text \<open>Remove the last letter. For a finite alphabet \<open>A\<close> of positive integers let \<open>G\<^sub>A(c)\<close> be
  the generating function of the signed words over \<open>\<plusminus>A\<close> ending in \<open>c\<close>, with \<open>\<ell>\<^sub>B\<close> taken
  after standardizing \<open>A\<close> to \<open>[|A|]\<close>. Appending \<open>c\<close> to a word ending in \<open>c'\<close> raises
  \<open>fmaj\<close> by \<open>2(|A| - 1)\<close> exactly when \<open>c \<prec> c'\<close>, plus \<open>1\<close> when \<open>c < 0\<close>, and raises \<open>\<ell>\<^sub>B\<close> by an
  amount depending only on \<open>A\<close> and \<open>c\<close>. By induction on \<open>|A|\<close>, summing over \<open>c'\<close> along \<open>\<prec>\<close>
  produces a \<open>q\<close>-integer \<open>[2|A| - 2]\<close> in the twisted variable \<open>\<epsilon>\<^bsup>|A|-1\<^esup>q\<close>, and
  \<open>G\<^sub>A(c) = (\<epsilon>\<^bsup>|A|\<^esup>q)\<^bsup>r\<^esup> \<Prod>\<^sub>i\<^sub><\<^sub>|\<^sub>A\<^sub>| [2i]\<^bsub>\<epsilon>\<^sup>iq\<^esub>\<close> where \<open>r\<close> counts the letters of \<open>\<plusminus>A\<close> above \<open>c\<close>.
  For \<open>A = [n]\<close> and \<open>c = 1, \<dots>, n - 1\<close> one has \<open>r = n - c\<close>, and the sum over \<open>c\<close> is the
  geometric factor \<open>\<epsilon>\<^sup>nq [n - 1]\<^bsub>\<epsilon>\<^sup>nq\<^esub>\<close>. The second form follows from
  \<open>[m]\<^bsub>-q\<^esub> = (1 - q)/(1 + q) [m]\<^sub>q\<close> for even \<open>m\<close>.\<close>

section \<open>Appending a letter\<close>

lemma inv_snoc: "inv (w @ [c]) = inv w + length (filter (\<lambda>a. c < a) w)"
proof -
  let ?old = "{(i, j). i < j \<and> j < length w \<and> w ! i > w ! j}"
  let ?new = "(\<lambda>i. (i, length w)) ` {i. i < length w \<and> c < w ! i}"
  have "{(i, j). i < j \<and> j < length (w @ [c]) \<and> (w @ [c]) ! i > (w @ [c]) ! j} = ?old \<union> ?new"
    by (auto simp: nth_append less_Suc_eq split: if_splits)
  moreover have "finite ?old"
    by (rule finite_subset[of _ "{..<length w} \<times> {..<length w}"]) auto
  moreover have "?old \<inter> ?new = {}"
    by auto
  moreover have "card ?new = card {i. i < length w \<and> c < w ! i}"
    by (rule card_image) (auto simp: inj_on_def)
  ultimately show ?thesis
    unfolding inv_def by (simp add: card_Un_disjoint length_filter_conv_card)
qed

TASK DESCRIPTION: Identify all lines in the records above with the word "bsub".

SOLVED PROBLEM:
  \<open>G\<^sub>A(c) = (\<epsilon>\<^bsup>|A|\<^esup>q)\<^bsup>r\<^esup> \<Prod>\<^sub>i\<^sub><\<^sub>|\<^sub>A\<^sub>| [2i]\<^bsub>\<epsilon>\<^sup>iq\<^esub>\<close> where \<open>r\<close> counts the letters of \<open>\<plusminus>A\<close> above \<open>c\<close>.
  geometric factor \<open>\<epsilon>\<^sup>nq [n - 1]\<^bsub>\<epsilon>\<^sup>nq\<^esub>\<close>. The second form follows from
  \<open>[m]\<^bsub>-q\<^esub> = (1 - q)/(1 + q) [m]\<^sub>q\<close> for even \<open>m\<close>.\<close>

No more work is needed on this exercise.